The hero was in a relationship with a journalist who is one of identical female twins. She bore him a child without his knowledge and then made a gift of the baby to her married yet childless twin sister. She also maligned the hero through lies over how he did not want a child and would have insisted on an abortion had he known of the pregnancy. Of course, the sister believed her journalist twin. Also, in the six years the journalist was with the hero, not once did she introduce him to her twin, her only family.
The secrets are only revealed when the journalist was dying from a terrorist bomb explosion. The hero was with her during the incident.
Hero was seriously injured. From his hospital bed and in case he will not survive, he made the request to meet his son for the very first time.
Heroine is the surviving twin sister. She is divorced from her husband due to his inability to accept her adopted child.

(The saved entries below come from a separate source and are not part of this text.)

(* For every real $n$ with $$1<n<\frac{\sqrt{(1+\sqrt2)/2}+1}{\sqrt{(1+\sqrt2)/2}-1}=21.2666866\ldots,$$ we have $$\sum_{k=0}^\infty\frac{(2(n^2+6n+1)^2(n^2-10n+1)k+P(n))(n-1)^{4k}}{(-n)^k(n+1)^{2k}\binom{4k}{2k}}=6n(n+1)(n-1)^3\log n-32n(n+1)^2(n^2-4n+1),$$ where $P(n)=n^6-58n^5+159n^4+52n^3+159n^2-58n+1$. In particular, \begin{align*} \sum_{k=0}^\infty\frac{2890k-563}{(-18)^k\binom{4k}{2k}}&=-12(\log2+48),\\ \sum_{k=0}^\infty\frac{245k-17}{(-3)^k\binom{4k}{2k}}&=-24-\frac92\log3,\\ \sum_{k=0}^\infty\frac{(77326k+8951)81^k}{(-100)^k\binom{4k}{2k}}&=40(80-81\log4),\\ \sum_{k=0}^\infty\frac{(196k+73)64^k}{(-45)^k\binom{4k}{2k}}&=15(3-\log5),\\ \sum_{k=0}^\infty\frac{(245134k+181679)625^k}{(-294)^k\binom{4k}{2k}}&=84(1456-375\log6),\\ \sum_{k=0}^\infty\frac{(2645k+3517)81^k}{(-28)^k\binom{4k}{2k}}&=7(352-81\log7),\\ \sum_{k=0}^\infty\frac{(127890k+316933)2401^k}{(-648)^k\binom{4k}{2k}}&=144(1584-343\log8),\\ \sum_{k=0}^\infty\frac{(1156k+7031)1024^k}{(-225)^k\binom{4k}{2k}}&=45(115-24\log9),\\ \sum_{k=0}^\infty\frac{(51842k-3142679)6561^k}{(-1210)^k\binom{4k}{2k}}&=220(2187\log10-10736),\\ \sum_{k=0}^\infty\frac{(2209k-13421)625^k}{(-99)^k\binom{4k}{2k}}&=\frac{99}2(125\log11-624),\\ \sum_{k=0}^\infty\frac{(2354450k-8037191)14641^k}{(-2028)^k\binom{4k}{2k}}&=312(3993\log12-20176),\\ \sum_{k=0}^\infty\frac{(19220k-46979)5184^k}{(-637)^k\binom{4k}{2k}}&=91(81\log13-413),\\ \sum_{k=0}^\infty\frac{(3000515k-5794357)28561^k}{(-3150)^k\binom{4k}{2k}}&=420(2197\log14-11280),\\ \sum_{k=0}^\infty\frac{(118579k-190573)2401^k}{(-240)^k\binom{4k}{2k}}&=30(1029\log15-5312),\\ \sum_{k=0}^\infty\frac{(24174146k-33367199)50625^k}{(-4624)^k\binom{4k}{2k}}&=544(10125\log16-52496),\\ \sum_{k=0}^\infty\frac{(48020k-58117)16384^k}{(-1377)^k\binom{4k}{2k}}&=459(64\log17-333),\\ \sum_{k=0}^\infty\frac{(54371810k-58537799)83521^k}{(-6498)^k\binom{4k}{2k}}&=684(14739\log18-76912),\\ \sum_{k=0}^\infty\frac{(608923k-589327)6561^k}{(-475)^k\binom{4k}{2k}}&=\frac{95}2(2187\log19-11440),\\ \sum_{k=0}^\infty\frac{(36377094k-31893853)130321^k}{(-8820)^k\binom{4k}{2k}}&=840(6859\log20-35952),\\ \sum_{k=0}^\infty\frac{(584756k-467339)40000^k}{(-2541)^k\binom{4k}{2k}}&=231(375\log21-1969),\\ \sum_{k=0}^\infty\frac{(661704134402k-517115569199)43046721^k}{(-2693140)^k\binom{4k}{2k}}&=60520\left(1594323\log\frac{85}4-8374544\right). \end{align*}
   Context: $\log$ is the natural logarithm. *)

theory Defs
  imports "HOL-Analysis.Analysis"
begin

end

(*
  The reciprocal central binomial coefficient is a moment:
  (2m+1) * integral_0^1 ((1 - s^2)/4)^m ds = 1 / binom(2m, m), by the Wallis-type reduction
  for integral_0^1 (1 - s^2)^m ds.  With m = 2k and y = (n-1)^4 / (-n(n+1)^2), the series becomes
  integral_0^1 sum_k (a k + b)(4k+1) z(s)^k ds, where a k + b is the linear factor of the summand
  and z(s) = y ((1 - s^2)/4)^2.  The bound on n is
  exactly |y| < 16, so |z| < 1 uniformly on [0,1] and the Weierstrass M-test justifies summing
  under the integral.  The inner sum is a rational function of z, and along z(s) it has an explicit
  elementary antiderivative: a rational function of s plus 6n(n+1)(n-1)^3 log(q(s)/q(-s)) for a
  quadratic q with q(s) q(-s) = 16n(n+1)^2 + (n-1)^4 (1 - s^2)^2.  Evaluating it at s = 0 and s = 1
  gives the closed form; the numerical identities are its values at n = 2, ..., 21 and 85/4,
  rescaled by a constant.
*)
theory Submission
  imports Defs
begin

For years she hated hero, believing her sister's lies about his character. Now she hates him even more for fear he would take her son away (actually his biological son). She believes this justifies her behavior during their 1st meeting. It didn't matter that he was recovering from a major heart/lung surgery in a foreign county, she lets rip her contempt of him.
This elicits a burning antagonism from the hero over what he thinks is her part in stealing his child. Long story short, once his health is recovered, his revenge was to force her into marriage or he'd go to court to sue for full custody of the child. And yet, for all their hostility, every time H/h meets they both feel this strange sneaking sense of belonging. The heroine more than the hero questions and resists this strange attraction. Does he regard her as a substitute for sister? What exactly does he feel? But whatever their doubts, it isn't enough to prevent the consummation of their marriage.
The heroine eventually became preggers and gave birth to identical twins, the type called mirror image twins, each being half of same egg and therefore one unit. These type of twins are telepathic. Apparently they're so rare and fascinating that a scientist makes a study of the babies, much to the hero's disgust although the heroine grants permission.
Facts gleaned from the scientist's study, finally, act as the key to unlocking the oddities of the mirror image twins' behavior and, ultimately, to this rather confused romance.
Due to said telepathic abilities, it seems that the journalist twin who died had known from her very first meeting with the hero that he was destined for her sister, that they're meant to be together. But she wanted him so much for herself that for as long as she possibly could, she kept them apart. To compensate her messing w/ destiny, the journalist gave her twin the hero's baby. To compensate the hero, she tells the truth only as she id dying: that he has a son and he must promise to marry the surviving twin (the right mirror). Journalist told the hero she herself is the wrong mirror, has always known it, and it caused her plenty of secret agony which consequently lead to her wild dare-devil death-wish behavior while on assignment in war-torn countries. This mirror image twin mojo supposedly explains why hero at best could only 'almost love' the joournalist yet always stop short of the real thing because the real thing is destined for the right mirror twin.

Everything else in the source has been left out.